Why does max(*list) and max(list) do the same thing in python?

Question

See below example:

>>>f = [[1],[2],[3]]
>>>max(f)
Out[21]: [3]
>>>max(*f)
Out[22]: [3]

The unpack operator did not have an effect here, I am trying to unpack a list and get a maximal value of matrix(two dim list).

Answer 1

Given:

mat=[
    [1, 2, 3],
    [4, 5, 6],
    [0, 9, 10]
]

Either max(mat) or max(*mat) will give the same result because the individual sublist are being compared:

>>> max(mat)
[4, 5, 6]
>>> max(*mat)
[4, 5, 6]

In the first case, max(mat), you have a iterable list of lists returning each sublist one at a time. In the second case, max(*mat), the elements (sublists) within that list of lists are unpacked into multiple individual arguments to max.

If you want the sublist that has the max value in it, use max as a key function:

>>> max(mat, key=max)
[0, 9, 10]

If you want the individual max value in a two dimensional matrix, you can flatten it:

>>> max(v for sl in mat for v in sl)
10

Or have three max's:

>>> max(max(mat,key=max))
10

Answer 2

Its because max will have three lists then get's maximum list, so you can do sum, for integer lists:

>>> f=[[1],[2],[3]]
>>> max(sum(f,[]))
3
>>> 

Also since from:

>>> print(max.__doc__)
max(iterable, *[, default=obj, key=func]) -> value
max(arg1, arg2, *args, *[, key=func]) -> value

With a single iterable argument, return its biggest item. The
default keyword-only argument specifies an object to return if
the provided iterable is empty.
With two or more arguments, return the largest argument.
>>>

As it says "With two or more arguments, return the largest argument.", so we have three arguments, so 3>2 is True, then [3] is largest argument

Or can use, reduce:

>>> from functools import reduce
>>> max(reduce(lambda x,y: x+y,f))
3
>>> 

even tho kind of similar to Mad Physicist's answer, but i use .from_iterable instead of unpacking:

>>> import itertools
>>> max(itertools.chain.from_iterable(f))
3
>>> 

Answer 3

help(max) should be your first port of call.
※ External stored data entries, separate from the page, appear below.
(* Let $P$ be (the right-angled hyperbolic realization of) the composition of compact right-angled hyperbolic polyhedra $P_1$ and $P_2$ along $k$-gonal faces $F_1\subset P_1$, $F_2\subset P_2$. Then $$\Gamma_P \cong \Gamma_{(P_1,F_1)} *_G \Gamma_{(P_2,F_2)}.$$ Here $G$ denotes $\Gamma_{F_1}\cong\Gamma_{F_2}$, embedded in $\Gamma_{(P_1,F_1)}$ and $\Gamma_{(P_2,F_2)}$ as these subgroups and identified with each other via the isomorphism induced by the face identification $F_1\cong F_2$.
   Context: For a compact right-angled hyperbolic polyhedron $P$ with faces $F_1,\dots,F_m$, the reflection group $\Gamma_P$ is generated by the reflections $r_i$ in the planes supporting the faces $F_i$. It has presentation $$\langle r_1,\dots,r_m \mid r_i^2=1,\ (r_ir_j)^2=1 \text{ whenever } F_i,F_j \text{ are adjacent}\rangle.$$ For a face $F$ of $P$, $\Gamma_{(P,F)}$ is the subgroup generated by reflections in all faces of $P$ other than $F$. For $i=1,2$, $\Gamma_{F_i}\subset \Gamma_{(P_i,F_i)}$ is the subgroup generated by the reflections in the $k$ faces of $P_i$ adjacent to $F_i$; it is the reflection group of a right-angled $k$-gon. Composition: glue $P_1,P_2$ along $F_1,F_2$ via a combinatorial isomorphism, delete the interiors of the $k$ edges of the identified face, and demote their endpoints to non-vertices. Faces adjacent to $F_1$ merge with the corresponding faces adjacent to $F_2$. The result is realizable as a right-angled hyperbolic polyhedron. *)

theory Defs
  imports "HOL-Algebra.Algebra"
begin

text \<open>The group with presentation < r_v (v in V) | r_v^2 = 1, (r_u r_v)^2 = 1 for E u v >
  is built as the quotient of the words over V by the congruence generated by the
  relators (all generators are involutions, so positive words suffice).\<close>

inductive racg_eq :: "'a set \<Rightarrow> ('a \<Rightarrow> 'a \<Rightarrow> bool) \<Rightarrow> 'a list \<Rightarrow> 'a list \<Rightarrow> bool"
  for V :: "'a set" and E :: "'a \<Rightarrow> 'a \<Rightarrow> bool" where
  refl: "set xs \<subseteq> V \<Longrightarrow> racg_eq V E xs xs"
| sym: "racg_eq V E xs ys \<Longrightarrow> racg_eq V E ys xs"
| trans: "racg_eq V E xs ys \<Longrightarrow> racg_eq V E ys zs \<Longrightarrow> racg_eq V E xs zs"
| cancel_sq: "set xs \<subseteq> V \<Longrightarrow> set ys \<subseteq> V \<Longrightarrow> a \<in> V \<Longrightarrow>
     racg_eq V E (xs @ [a, a] @ ys) (xs @ ys)"
| cancel_comm: "set xs \<subseteq> V \<Longrightarrow> set ys \<subseteq> V \<Longrightarrow> a \<in> V \<Longrightarrow> b \<in> V \<Longrightarrow> E a b \<Longrightarrow>
     racg_eq V E (xs @ [a, b, a, b] @ ys) (xs @ ys)"

definition racg_class :: "'a set \<Rightarrow> ('a \<Rightarrow> 'a \<Rightarrow> bool) \<Rightarrow> 'a list \<Rightarrow> 'a list set" where
  "racg_class V E xs = {ys. racg_eq V E xs ys}"

definition racg :: "'a set \<Rightarrow> ('a \<Rightarrow> 'a \<Rightarrow> bool) \<Rightarrow> 'a list set monoid" where
  "racg V E = \<lparr>carrier = {racg_class V E xs | xs. set xs \<subseteq> V},
               monoid.mult = (\<lambda>S T. {zs. \<exists>xs\<in>S. \<exists>ys\<in>T. racg_eq V E (xs @ ys) zs}),
               one = racg_class V E []\<rparr>"

definition racg_gen :: "'a set \<Rightarrow> ('a \<Rightarrow> 'a \<Rightarrow> bool) \<Rightarrow> 'a \<Rightarrow> 'a list set" where
  "racg_gen V E v = racg_class V E [v]"

definition racg_induced :: "'b set \<Rightarrow> ('b \<Rightarrow> 'b \<Rightarrow> bool) \<Rightarrow> ('a \<Rightarrow> 'b) \<Rightarrow> 'a list set \<Rightarrow> 'b list set" where
  "racg_induced V E m S = {zs. \<exists>xs\<in>S. racg_eq V E (map m xs) zs}"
Help on built-in function max in module builtins:

max(...)
    max(iterable, *[, default=obj, key=func]) -> value
    max(arg1, arg2, *args, *[, key=func]) -> value

    With a single iterable argument, return its biggest item. The
    default keyword-only argument specifies an object to return if
    the provided iterable is empty.
    With two or more arguments, return the largest argument.

max(f) means max with a single argument, [[1],[2],[3]], and the largest element of this is returned.
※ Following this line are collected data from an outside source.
lemma label_image: "label ` {..<4*m} = {1..4*m}"
proof
  show "label ` {..<4*m} \<subseteq> {1..4*m}" by (auto simp: label_def)
  show "{1..4*m} \<subseteq> label ` {..<4*m}"
  proof
    fix y assume y: "y \<in> {1..4*m}"
    consider "y \<le> 2*m" | "2*m < y" "y < 4*m" | "y = 4*m" using y by fastforce
    then show "y \<in> label ` {..<4*m}"
    proof cases
      case 1
      then have "label (2 * (y - 1)) = y" "2 * (y - 1) < 4*m" using y by (auto simp: label_def)
      then show ?thesis by (metis image_eqI lessThan_iff)
    next
      case 2
      then have "label (2 * (4*m - 1 - y) + 1) = y" "2 * (4*m - 1 - y) + 1 < 4*m"
        by (auto simp: label_def)
      then show ?thesis by (metis image_eqI lessThan_iff)
    next
      case 3
      then have "label (4*m - 1) = y" "4*m - 1 < 4*m" using m_ge_2 by (auto simp: label_def)
      then show ?thesis by (metis image_eqI lessThan_iff)
    qed
  qed
qed

lemma label_bij: "bij_betw label (G_edges m) {1..card (G_edges m)}"
proof -
  have "inj_on label {..<4*m}"
    by (rule eq_card_imp_inj_on) (simp_all add: label_image)
  then show ?thesis
    unfolding G_edges_def atLeast0LessThan bij_betw_def by (simp add: label_image)
qed

lemma label_pair_sum:
  assumes "t < 4*m"
  shows "label t + label (cyc_pred t)
     = (if even t then 4*m + 1 else if t = 4*m - 1 then 6*m else 4*m)"
proof -
  have last_odd: "odd (4*m - 1)" using m_ge_2 by simp
  consider "t = 0" | k where "t = 2*k" "k > 0" | "t = 4*m - 1" | k where "t = 2*k + 1" "t \<noteq> 4*m - 1"
    by (metis evenE oddE gr0I mult_0_right)
  then show ?thesis
  proof cases
    case 1
    then show ?thesis using last_odd by (simp add: label_def cyc_pred_def)
  next
    case 2
    then have "cyc_pred t = 2*(k - 1) + 1" "cyc_pred t \<noteq> 4*m - 1"
      using assms by (auto simp: cyc_pred_def)
    then show ?thesis using 2 assms by (simp add: label_def)
  next
    case 3
    then have "cyc_pred t = 2*(2*m - 1)" using m_ge_2 by (simp add: cyc_pred_def)
    then show ?thesis using 3 last_odd m_ge_2 by (simp add: label_def)
  next
    case 4
    then have "cyc_pred t = 2*k" by (simp add: cyc_pred_def)
    then show ?thesis using 4 assms by (simp add: label_def)
  qed
qed

lemma vsum_label_block:
  assumes "X \<in> A \<union> B"
  obtains i j where "i \<in> X" "j \<in> X" "i \<noteq> j"
    "vertex_sum label X = (label i + label (cyc_pred i)) + (label j + label (cyc_pred j))"
proof -
  obtain i j where ij: "X = {i, j}" "i \<noteq> j"
    using card_block[OF assms] by (meson card_2_iff)
  then show ?thesis using that[of i j] vsum_G_ends[OF assms, of label] by simp
qed

lemma vsum_label_A: "X \<in> A \<Longrightarrow> vertex_sum label X = 8*m + 2"
  by (rule vsum_label_block[of X], simp) (use even_if_in_A label_pair_sum in simp)

lemma vsum_label_B: "X \<in> B \<Longrightarrow> vertex_sum label X \<in> {8*m, 10*m}"
  by (rule vsum_label_block[of X], simp) (use odd_if_in_B label_pair_sum in auto)

lemma label_local_antimagic: "local_antimagic (G_verts A B) (G_edges m) (G_ends m A B) label"
  unfolding local_antimagic_def
proof (intro conjI ballI impI label_bij)
  fix x y assume "adjacent (G_edges m) (G_ends m A B) x y"
  then obtain e where "e \<in> G_edges m" "G_ends m A B e = (x, y) \<or> G_ends m A B e = (y, x)"
    unfolding adjacent_def by blast
  then have "x \<in> A \<and> y \<in> B \<or> x \<in> B \<and> y \<in> A"
    using G_ends_A_B by force
  moreover have "8*m + 2 \<notin> {8*m, 10*m}" using m_ge_2 by simp
  ultimately show "vertex_sum label x \<noteq> vertex_sum label y"
    using vsum_label_A vsum_label_B by metis
qed

lemma card_vsum_label_image: "card (vertex_sum label ` G_verts A B) = 3"
proof (rule antisym)
  have "vertex_sum label ` G_verts A B \<subseteq> {8*m + 2, 8*m, 10*m}"
    using vsum_label_A vsum_label_B unfolding G_verts_def by auto
  then have "card (vertex_sum label ` G_verts A B) \<le> card {8*m + 2, 8*m, 10*m}"
    by (intro card_mono) simp_all
  also have "\<dots> \<le> 3" by (simp add: card_insert_if)
  finally show "card (vertex_sum label ` G_verts A B) \<le> 3" .
  show "3 \<le> card (vertex_sum label ` G_verts A B)"
    by (rule card_vsum_image_ge_3[OF label_local_antimagic])
qed

end

theorem mainTheorem9:
  fixes m :: nat and A B :: "nat set set"
  assumes "m \<ge> 2"
    and "pair_partition A {i. i < 4*m \<and> even i}"
    and "pair_partition B {i. i < 4*m \<and> odd i}"
  shows "chi_la (G_verts A B) (G_edges m) (G_ends m A B) = 3"
proof -
  interpret identified_cycle m A B using assms by unfold_locales
  show ?thesis
    unfolding chi_la_def
  proof (rule Least_equality)
    show "\<exists>f. local_antimagic (G_verts A B) (G_edges m) (G_ends m A B) f
        \<and> card (vsum (G_edges m) (G_ends m A B) f ` G_verts A B) = 3"
      using label_local_antimagic card_vsum_label_image by blast
    show "3 \<le> k" if "\<exists>f. local_antimagic (G_verts A B) (G_edges m) (G_ends m A B) f
        \<and> card (vsum (G_edges m) (G_ends m A B) f ` G_verts A B) = k" for k
      using that card_vsum_image_ge_3 by blast
  qed
qed

end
max(*f) means max with three arguments, [1], [2], [3], and the largest of these is returned.

Clearly these are equivalent in your example.
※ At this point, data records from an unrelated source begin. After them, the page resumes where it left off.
lemma M_cube_assoc:
  assumes "a \<in> M" "w \<in> carrier G" shows "a \<otimes> (a \<otimes> (a \<otimes> w)) = w"
proof -
  have "a \<otimes> (a \<otimes> (a \<otimes> w)) = a \<otimes> (a \<otimes> a) \<otimes> w" using assms by (simp add: m_assoc)
  then show ?thesis using assms by (simp add: M_cube_eq_one)
qed

lemma M_inv_eq_square: "a \<in> M \<Longrightarrow> inv a = a \<otimes> a"
  using M_cube_eq_one[of a] by (intro inv_equality) (simp_all add: m_assoc)

text \<open>Inverses are rewritten to squares, so that these rules normalise words over M by ordered
  rewriting.\<close>

lemmas M_ac_simps = m_assoc abelian M_left_commute M_inv_eq_square M_cube_eq_one M_cube_assoc

lemma comm_M [simp]: "m \<in> M \<Longrightarrow> g \<in> carrier G \<Longrightarrow> comm G m g \<in> M"
  by (simp add: comm_eq_inv_mult_conjugate)

lemma comm_mult_left:
  "\<lbrakk>a \<in> M; b \<in> M; g \<in> carrier G\<rbrakk> \<Longrightarrow> comm G (a \<otimes> b) g = comm G a g \<otimes> comm G b g"
  by (simp add: comm_eq_inv_mult_conjugate conjugate_mult M_ac_simps)

lemma comm_inv_left: "a \<in> M \<Longrightarrow> g \<in> carrier G \<Longrightarrow> comm G (inv a) g = inv (comm G a g)"
  by (simp add: comm_eq_inv_mult_conjugate conjugate_mult conjugate_inv M_ac_simps)

lemma comm_mult_right:
  "\<lbrakk>m \<in> M; g \<in> carrier G; h \<in> carrier G\<rbrakk>
    \<Longrightarrow> comm G m (g \<otimes> h) = comm G m g \<otimes> comm G m h \<otimes> comm G (comm G m g) h"
  by (simp add: comm_eq_inv_mult_conjugate conjugate_mult conjugate_inv conjugate_conjugate M_ac_simps)

lemma comm_comm_self:
  assumes "m \<in> M" "g \<in> carrier G"
  shows "comm G (comm G m g) g = m \<otimes> conjugate G g m \<otimes> conjugate G g (conjugate G g m)"
  using assms by (simp add: comm_eq_inv_mult_conjugate conjugate_mult conjugate_inv M_ac_simps)

end

locale exp3_engel_normal = exp3_abelian_normal +
  assumes engel: "m \<in> M \<Longrightarrow> g \<in> carrier G \<Longrightarrow> comm G (comm G m g) g = \<one>"
begin

lemma comm_inv_right:
  assumes m: "m \<in> M" and h: "h \<in> carrier G"
  shows "comm G m (inv h) = inv (comm G m h)"
proof -
  define z where "z = conjugate G (inv h) m"
  have z: "z \<in> M" using m h by (simp add: z_def)
  have "conjugate G h z = m" using m h by (simp add: z_def conjugate_conjugate)
  then have "z \<otimes> m \<otimes> conjugate G h m = \<one>"
    using engel[OF z h] comm_comm_self[OF z h] by simp
  then have "z = inv (m \<otimes> conjugate G h m)"
    using m h z by (intro inv_equality[symmetric]) (auto simp: m_assoc)
  then show ?thesis
    using m h by (simp add: comm_eq_inv_mult_conjugate z_def[symmetric] M_ac_simps)
qed

lemmas comm_expand = comm_mult_left comm_inv_left comm_mult_right comm_inv_right engel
But in general you should use the former to find the max of an iterable. It's the correct use case. The latter will break for e.g. f = [1].

For your specific problem, you need to flatten the list of lists into a single iterable and pass it to max. Here is a quick way:

max(element for row in f for element in row)

Answer 4

The documentation for max mentions:

builtin max

max(iterable, *[, key, default])

max(arg1, arg2, *args[, key])

...

If one positional argument is provided, it should be an iterable. The largest item in the iterable is returned. If two or more positional arguments are provided, the largest of the positional arguments is returned.

In the first case you have one positional argument, in the second case you have multiple.

---

To get what you want, which is the maximal entry in a matrix you could try

max(entry for row in matrix for entry in row)

This will pass one argument to the max function which is a generator that iterates over all the entries in the matrix - triggering the first case which finds the maximum of an iterable.

Answer 5

You need to chain the lists into a single iterable to get this to work. itertools.chain will let you do this:

from itertools import chain

max(chain(*f))

To unpack the list without itertools or other imports, use a nested comprehension:

max(x for row in f for x in row)

max has two modes. If you pass in a single positional argument, e.g. f, it will be interpreted as an iterable, and the maximum element of the iterable will be returned. If you pass in multiple positionnant arguments, e.g. *f, it will find the maximum of those elements. Since lists are comparable in Python, both versions are indeed equivalent.

Answer 6

You can put the max of each sublist into a list, and then call the max on that.

max(max(i) for i in f)